lemma fdiamond_fdiamond_le:
  assumes T: "fuzzy_topology T" and P: "fuzzy_primal P"
  shows "fdiamond T P (fdiamond T P lam) y \<le> fdiamond T P lam y"
proof -
  let ?D = "fdiamond T P lam"
  have "t \<le> ?D y" if t: "t \<in> diamond_levels T P ?D y" for t
  proof (rule ccontr)
    assume "\<not> t \<le> ?D y"
    \<comment> \<open>\<open>y\<^sub>s \<notin> \<lambda>\<^sup>\<diamond>\<close>, and a witness for this is also a Q-neighbourhood of \<open>y\<^sub>t\<close>\<close>
    define s where "s = (?D y + t) / 2"
    have "0 \<le> ?D y"
      using fdiamond_in_fuzzy_sets[of T P lam] by (simp add: fuzzy_sets_iff)
    with \<open>\<not> t \<le> ?D y\<close> t have s: "?D y < s" "s < t" "0 < s" "s \<le> 1"
      by (auto simp: s_def diamond_levels_def)
    then have "s \<notin> diamond_levels T P lam y"
      using rsup_upper[OF bdd_above_diamond_levels] by (fastforce simp: fdiamond_eq_rsup)
    then obtain W where W: "W \<in> Qnbhd T y s" "foplus (fcompl lam) (fcompl W) \<notin> P"
      using s by (auto simp: diamond_levels_def)
    have "foplus (fcompl ?D) (fcompl W) \<in> P"
      using t Qnbhd_mono[OF W(1) less_imp_le[OF s(2)]] by (simp add: diamond_levels_def)
    moreover have "foplus (fcompl ?D) (fcompl W) = fone"
      using fdiamond_not_quasi_coincident[OF T _ W(2)] W(1)
      by (intro foplus_fcompl_eq_fone) (simp add: Qnbhd_def)
    ultimately show False
      using fone_notin_primal[OF P] by simp
  qed
  then show ?thesis
    using fdiamond_in_fuzzy_sets[of T P lam]
    by (auto simp: fdiamond_eq_rsup[of T P ?D] fuzzy_sets_iff intro!: rsup_least)
qed

lemma Cl_diamond_in_fuzzy_sets: "\<mu> \<in> fuzzy_sets \<Longrightarrow> Cl_diamond T P \<mu> \<in> fuzzy_sets"
  using fdiamond_in_fuzzy_sets[of T P \<mu>]
  by (auto simp: Cl_diamond_def fuzzy_sets_iff funion_def le_max_iff_disj)

lemma Cl_diamond_fzero:
  assumes "fuzzy_topology T" "fuzzy_primal P"
  shows "Cl_diamond T P fzero = fzero"
  unfolding Cl_diamond_def fdiamond_fzero[OF assms] by (simp add: fun_eq_iff funion_def fzero_def)

lemma fsubset_Cl_diamond: "fsubset \<mu> (Cl_diamond T P \<mu>)"
  by (simp add: fsubset_def Cl_diamond_def funion_def)

lemma Cl_diamond_funion:
  assumes "fuzzy_topology T" "fuzzy_primal P" "\<mu> \<in> fuzzy_sets" "\<nu> \<in> fuzzy_sets"
  shows "Cl_diamond T P (funion \<mu> \<nu>) = funion (Cl_diamond T P \<mu>) (Cl_diamond T P \<nu>)"
  unfolding Cl_diamond_def fdiamond_funion[OF assms]
  by (simp add: fun_eq_iff funion_def max.assoc max.left_commute max.commute)

lemma Cl_diamond_idem:
  assumes T: "fuzzy_topology T" and P: "fuzzy_primal P" and \<mu>: "\<mu> \<in> fuzzy_sets"
  shows "Cl_diamond T P (Cl_diamond T P \<mu>) = Cl_diamond T P \<mu>"
proof -
  have "fdiamond T P (Cl_diamond T P \<mu>) = funion (fdiamond T P \<mu>) (fdiamond T P (fdiamond T P \<mu>))"
    unfolding Cl_diamond_def using T P \<mu> fdiamond_in_fuzzy_sets by (rule fdiamond_funion)
  then have unfold_twice: "Cl_diamond T P (Cl_diamond T P \<mu>) y =
      max (max (\<mu> y) (fdiamond T P \<mu> y)) (max (fdiamond T P \<mu> y) (fdiamond T P (fdiamond T P \<mu>) y))"
    for y by (simp add: Cl_diamond_def funion_def)
  have unfold_once: "Cl_diamond T P \<mu> y = max (\<mu> y) (fdiamond T P \<mu> y)" for y
    by (simp add: Cl_diamond_def funion_def)
  show ?thesis
  proof
    fix y
    show "Cl_diamond T P (Cl_diamond T P \<mu>) y = Cl_diamond T P \<mu> y"
      unfolding unfold_twice unfold_once using fdiamond_fdiamond_le[OF T P, of \<mu> y]
      by (simp add: max_def)
  qed
qed

theorem theorem4p5:
  fixes T P :: "('a \<Rightarrow> real) set"
  assumes "fuzzy_topology T" and "fuzzy_primal P"
  shows "(\<forall>\<mu>\<in>fuzzy_sets. Cl_diamond T P \<mu> \<in> fuzzy_sets) \<and>
         Cl_diamond T P fzero = fzero \<and>
         (\<forall>\<mu>\<in>fuzzy_sets. fsubset \<mu> (Cl_diamond T P \<mu>)) \<and>
         (\<forall>\<mu>\<in>fuzzy_sets. \<forall>\<nu>\<in>fuzzy_sets.
            Cl_diamond T P (funion \<mu> \<nu>) = funion (Cl_diamond T P \<mu>) (Cl_diamond T P \<nu>)) \<and>
         (\<forall>\<mu>\<in>fuzzy_sets. Cl_diamond T P (Cl_diamond T P \<mu>) = Cl_diamond T P \<mu>)"
  using assms
  by (simp add: Cl_diamond_in_fuzzy_sets Cl_diamond_fzero fsubset_Cl_diamond
      Cl_diamond_funion Cl_diamond_idem)

end
lemma nullspace_inverse_eq_kernel_correction:
  fixes W M P B0 :: "'a::field mat"
  assumes W: "W \<in> carrier_mat E E" and M: "M \<in> carrier_mat E E" and WM: "W * M = 1\<^sub>m E"
    and P: "P \<in> carrier_mat E k" and B0: "B0 \<in> carrier_mat n0 E" and B0P: "B0 * P = 0\<^sub>m n0 k"
    and range: "\<forall>y\<in>carrier_vec E. B0 *\<^sub>v y = 0\<^sub>v n0 \<longrightarrow> (\<exists>x\<in>carrier_vec k. y = P *\<^sub>v x)"
    and inv_P: "invertible_mat (transpose_mat P * W * P)"
    and inv_B0: "invertible_mat (B0 * M * transpose_mat B0)"
  shows "P * minv (transpose_mat P * W * P) * transpose_mat P
    = M - M * transpose_mat B0 * minv (B0 * M * transpose_mat B0) * B0 * M"
    (is "P * ?T * _ = ?H")
proof -
  have "transpose_mat P * W * P \<in> carrier_mat k k" "B0 * M * transpose_mat B0 \<in> carrier_mat n0 n0"
    using P W B0 M by auto
  note T = minv_inverse[OF inv_P this(1)] and S = minv_inverse[OF inv_B0 this(2)]
  note H = kernel_correction_props[OF W M WM P B0 B0P S(1,2)]
  have H_carrier: "?H \<in> carrier_mat E E"
    using B0 M S(1) by (blast intro: minus_carrier_mat mult_carrier_mat transpose_carrier_mat[THEN iffD2])
  have "\<exists>x\<in>carrier_vec k. col ?H j = P *\<^sub>v x" if j: "j < E" for j
  proof (rule range[rule_format])
    have "B0 *\<^sub>v col ?H j = col (B0 * ?H) j" using col_mult2[OF B0 H_carrier j] by simp
    then show "B0 *\<^sub>v col ?H j = 0\<^sub>v n0" using H(1) j by (auto intro!: eq_vecI)
  qed (use H_carrier j in simp)
  then obtain X where X: "X \<in> carrier_mat k E" and HX: "?H = P * X"
    using mat_factor_through_range[OF H_carrier P] by blast
  have "X = ?T * (transpose_mat P * W * P) * X" using T(3) X by simp
  also have "\<dots> = ?T * (transpose_mat P * W * (P * X))"
    using T(1) W P X by (simp add: mult_mat_assoc carrier_matD)
  also have "\<dots> = ?T * transpose_mat P" using H(2) HX by simp
  finally show ?thesis using HX T(1) P by (simp add: mult_mat_assoc carrier_matD)
qed

lemma subm_carrier_mat [simp]: "subm A r0 nr c0 nc \<in> carrier_mat nr nc"
  unfolding subm_def by auto

lemma dim_subm [simp]: "dim_row (subm A r0 nr c0 nc) = nr" "dim_col (subm A r0 nr c0 nc) = nc"
  unfolding subm_def by auto

lemma subm_mult:
  fixes A :: "'a::semiring_0 mat"
  assumes "r0 + nr \<le> dim_row A" "c0 + nc \<le> dim_col C" "dim_col A = dim_row C"
  shows "subm (A * C) r0 nr c0 nc = subm A r0 nr 0 (dim_col A) * subm C 0 (dim_row C) c0 nc"
  using assms by (intro eq_matI) (auto simp: subm_def scalar_prod_def)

What the exercise asks:
Give the exact lines, and only those, from the line containing "max (max (\<mu>" through the line containing "y = max (\<mu>" in the entries above.

Answer to this problem:
      max (max (\<mu> y) (fdiamond T P \<mu> y)) (max (fdiamond T P \<mu> y) (fdiamond T P (fdiamond T P \<mu>) y))"
    for y by (simp add: Cl_diamond_def funion_def)
  have unfold_once: "Cl_diamond T P \<mu> y = max (\<mu> y) (fdiamond T P \<mu> y)" for y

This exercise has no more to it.